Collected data
╔══

lemma WF_N2_And_mono_left1: "WF_N2 (Imp (And (And A B) C) (And A C))"
  by (rule WF_N2.r_andI[OF WF_N2.r_trans[OF WF_N2.ax_and1 WF_N2.ax_and1] WF_N2.ax_and2])

lemma WF_N2_And_mono_left2: "WF_N2 (Imp (And (And A B) C) (And B C))"
  by (rule WF_N2.r_andI[OF WF_N2.r_trans[OF WF_N2.ax_and1 WF_N2.ax_and2] WF_N2.ax_and2])

lemma closed_theory_consequences: "closed_theory {C. WF_N2 (Imp A C)}"
  unfolding closed_theory_def by (auto intro: WF_N2.r_trans WF_N2.r_andI)

lemma closed_theory_Union_chain:
  assumes "\<And>X. X \<in> CC \<Longrightarrow> closed_theory X"
    and "\<And>X Y. X \<in> CC \<Longrightarrow> Y \<in> CC \<Longrightarrow> X \<subseteq> Y \<or> Y \<subseteq> X"
  shows "closed_theory (\<Union>CC)"
  unfolding closed_theory_def
proof (intro conjI allI impI)
  fix C D assume "C \<in> \<Union>CC" "WF_N2 (Imp C D)"
  then obtain X where "X \<in> CC" "C \<in> X" by blast
  with \<open>WF_N2 (Imp C D)\<close> have "D \<in> X" using assms(1) unfolding closed_theory_def by blast
  with \<open>X \<in> CC\<close> show "D \<in> \<Union>CC" by blast
next
  fix C D assume "C \<in> \<Union>CC" "D \<in> \<Union>CC"
  then obtain X Y where XY: "X \<in> CC" "Y \<in> CC" "C \<in> X" "D \<in> Y" by blast
  have "C \<in> X \<and> D \<in> X \<or> C \<in> Y \<and> D \<in> Y" using assms(2)[OF XY(1,2)] XY(3,4) by blast
  then have "And C D \<in> X \<or> And C D \<in> Y"
    using assms(1)[OF XY(1)] assms(1)[OF XY(2)] unfolding closed_theory_def by blast
  with XY(1,2) show "And C D \<in> \<Union>CC" by blast
qed

lemma closed_theory_extend:
  assumes "closed_theory M"
  shows "closed_theory {E. \<exists>F\<in>M. WF_N2 (Imp (And F C) E)}"
  unfolding closed_theory_def
proof (intro conjI allI impI)
  fix E D assume "E \<in> {E. \<exists>F\<in>M. WF_N2 (Imp (And F C) E)}" "WF_N2 (Imp E D)"
  then show "D \<in> {E. \<exists>F\<in>M. WF_N2 (Imp (And F C) E)}" using WF_N2.r_trans by blast
next
  fix E1 E2 assume "E1 \<in> {E. \<exists>F\<in>M. WF_N2 (Imp (And F C) E)}" "E2 \<in> {E. \<exists>F\<in>M. WF_N2 (Imp (And F C) E)}"
  then obtain F1 F2 where F: "F1 \<in> M" "F2 \<in> M"
      "WF_N2 (Imp (And F1 C) E1)" "WF_N2 (Imp (And F2 C) E2)"
    by blast
  have "And F1 F2 \<in> M" using assms F unfolding closed_theory_def by blast
  moreover have "WF_N2 (Imp (And (And F1 F2) C) (And E1 E2))"
    using WF_N2.r_andI[OF WF_N2.r_trans[OF WF_N2_And_mono_left1 F(3)]
        WF_N2.r_trans[OF WF_N2_And_mono_left2 F(4)]] .
  ultimately show "And E1 E2 \<in> {E. \<exists>F\<in>M. WF_N2 (Imp (And F C) E)}" by blast
qed

lemma maximal_closed_theory_prime:
  assumes thM: "closed_theory M" and AM: "A \<in> M" and BM: "B \<notin> M"
    and max: "\<And>X. closed_theory X \<Longrightarrow> B \<notin> X \<Longrightarrow> M \<subseteq> X \<Longrightarrow> X = M"
  shows "prime_theory M"
proof -
  have cl: "\<And>C D. C \<in> M \<Longrightarrow> WF_N2 (Imp C D) \<Longrightarrow> D \<in> M"
    and cj: "\<And>C D. C \<in> M \<Longrightarrow> D \<in> M \<Longrightarrow> And C D \<in> M"
    using thM unfolding closed_theory_def by auto
  have outside_refutes: "\<exists>F\<in>M. WF_N2 (Imp (And F C) B)" if "C \<notin> M" for C
  proof (rule ccontr)
    assume "\<not> ?thesis"
    moreover have "M \<subseteq> {E. \<exists>F\<in>M. WF_N2 (Imp (And F C) E)}" using WF_N2.ax_and1 by blast
    moreover have "C \<in> {E. \<exists>F\<in>M. WF_N2 (Imp (And F C) E)}" using AM WF_N2.ax_and2 by blast
    ultimately show False using max[OF closed_theory_extend[OF thM]] \<open>C \<notin> M\<close> by blast
  qed
  have "C \<in> M \<or> D \<in> M" if "Or C D \<in> M" for C D
  proof (rule ccontr)
    assume "\<not> ?thesis"
    then obtain F1 F2 where F: "F1 \<in> M" "F2 \<in> M"
        "WF_N2 (Imp (And F1 C) B)" "WF_N2 (Imp (And F2 D) B)"
      using outside_refutes by blast
    let ?F = "And F1 F2"
    have "WF_N2 (Imp (Or (And ?F C) (And ?F D)) B)"
      using WF_N2.r_orE[OF WF_N2.r_trans[OF WF_N2_And_mono_left1 F(3)]
          WF_N2.r_trans[OF WF_N2_And_mono_left2 F(4)]] .
    then have "WF_N2 (Imp (And ?F (Or C D)) B)" using WF_N2.ax_dist WF_N2.r_trans by blast
    moreover have "And ?F (Or C D) \<in> M" using cj F that by blast
    ultimately show False using cl BM by blast
  qed
  moreover have "Bot \<notin> M" using cl BM WF_N2.ax_bot by blast
  ultimately show ?thesis unfolding prime_theory_def using thM AM by blast
qed
text \<open>Tree decomposition of supp(Pi): T i is the set of level-i cells (levels i \<ge> 1).\<close>
definition tree_decomp ::
  "'a::euclidean_space measure \<Rightarrow> (nat \<Rightarrow> 'a set set) \<Rightarrow> nat \<Rightarrow> real \<Rightarrow> real \<Rightarrow> real \<Rightarrow> bool" where
  "tree_decomp Pi_X T d c1 c2 K1 \<longleftrightarrow>
     T 1 = {msupp Pi_X} \<and>
     (\<forall>i\<ge>1. (\<forall>C\<in>T i. C \<noteq> {} \<and> C \<in> sets Pi_X) \<and> \<Union>(T i) = msupp Pi_X \<and> disjoint (T i)) \<and>
     (\<forall>i\<ge>1. \<forall>C\<in>T (Suc i). \<exists>C'\<in>T i. C \<subseteq> C') \<and>
     (\<forall>i\<ge>1. \<forall>C\<in>T i. diameter C \<le> K1 * (1/2)^i) \<and>
     1 \<le> d \<and> d \<le> DIM('a) \<and> 0 < c1 \<and> c1 \<le> c2 \<and>
     (\<forall>i\<ge>1. \<forall>C\<in>T i. \<forall>x\<in>C. \<forall>r. 0 < r \<and> r \<le> (1/2)^i \<longrightarrow>
         c1 * r^d \<le> measure Pi_X (ball x r \<inter> C) \<and> measure Pi_X (ball x r \<inter> C) \<le> c2 * r^d)"

definition level_sigma :: "'a::euclidean_space measure \<Rightarrow> (nat \<Rightarrow> 'a set set) \<Rightarrow> nat \<Rightarrow> 'a set set" where
  "level_sigma Pi_X T m = sigma_sets (msupp Pi_X) (T m)"

text \<open>P(A=j | X) = 1/2 and eta j (x) = E[R | A = j, X = x] are expressed through their defining
  integral identities.\<close>
definition model ::
  "('a::euclidean_space \<times> int \<times> real) measure \<Rightarrow> 'a measure \<Rightarrow> (int \<Rightarrow> 'a \<Rightarrow> real) \<Rightarrow> bool" where
  "model D Pi_X \<eta> \<longleftrightarrow>
     prob_space D \<and> sets D = sets borel \<and> prob_space Pi_X \<and> sets Pi_X = sets borel \<and>
     distr D borel obsX = Pi_X \<and>
     (AE z in D. obsA z \<in> {-1, 1}) \<and>
     (\<forall>j\<in>{-1, 1::int}. \<forall>B\<in>sets borel.
        measure D {z\<in>space D. obsX z \<in> B \<and> obsA z = j} = measure Pi_X B / 2) \<and>
     (\<forall>j\<in>{-1, 1::int}. \<eta> j \<in> borel_measurable borel \<and> integrable Pi_X (\<eta> j) \<and>
        (\<forall>B\<in>sets borel.
          (\<integral>z. indicator {z. obsX z \<in> B \<and> obsA z = j} z * obsR z \<partial>D)
            = (\<integral>x. indicator B x * \<eta> j x \<partial>Pi_X) / 2))"

definition fstar :: "(int \<Rightarrow> 'a \<Rightarrow> real) \<Rightarrow> 'a \<Rightarrow> real" where
  "fstar \<eta> x = \<eta> 1 x - \<eta> (-1) x"
(* For the class $\mathcal{A}=\{A_\rho:\rho\in[0,1]\}$ of MWIS greedy heuristics (adaptive or non-adaptive), there is a distribution over sequences $x_1,\dots,x_T$ of MWIS instances on at most $n$ vertices such that every (possibly randomized) online learning algorithm has expected regret at least $1-o_n(1)$, where $o_n(1)$ is independent of $T$ and tends to $0$ as $n\to\infty$.
   Context: MWIS instance: undirected graph with nonnegative vertex weights. $A_\rho$ repeatedly selects, among vertices not yet selected or blocked, one maximizing $w_v/(1+\deg(v))^\rho$ (ties lexicographic), adds it, and blocks its neighbors; $\deg(v)$ is the original degree (non-adaptive) or the degree in the remaining induced subgraph (adaptive). $\mathrm{cost}(A_\rho,x)\in[0,1]$ is the total weight of the returned independent set (to be maximized). Online learning: at each step $t$ the learner chooses $A_t\in\mathcal{A}$ (possibly randomly) knowing only $x_1,\dots,x_{t-1}$; its regret on $x_1,\dots,x_T$ is $\frac1T\big(\sup_{A\in\mathcal{A}}\sum_{t=1}^T\mathrm{cost}(A,x_t)-\sum_{t=1}^T\mathrm{cost}(A_t,x_t)\big)$. *)

theory Defs
  imports "HOL-Probability.Probability"
begin

record mwis =
  nv  :: nat
  adj :: "nat \<Rightarrow> nat \<Rightarrow> bool"
  wt  :: "nat \<Rightarrow> real"

definition indep_set :: "mwis \<Rightarrow> nat set \<Rightarrow> bool" where
  "indep_set x S \<longleftrightarrow> S \<subseteq> {0..<nv x} \<and> (\<forall>u\<in>S. \<forall>v\<in>S. \<not> adj x u v)"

╚══

**Instructions to follow**
Each line in the data that holds the string "longleftrightarrow" should be found and copied.

**Solution below**
  "tree_decomp Pi_X T d c1 c2 K1 \<longleftrightarrow>
  "model D Pi_X \<eta> \<longleftrightarrow>
  "indep_set x S \<longleftrightarrow> S \<subseteq> {0..<nv x} \<and> (\<forall>u\<in>S. \<forall>v\<in>S. \<not> adj x u v)"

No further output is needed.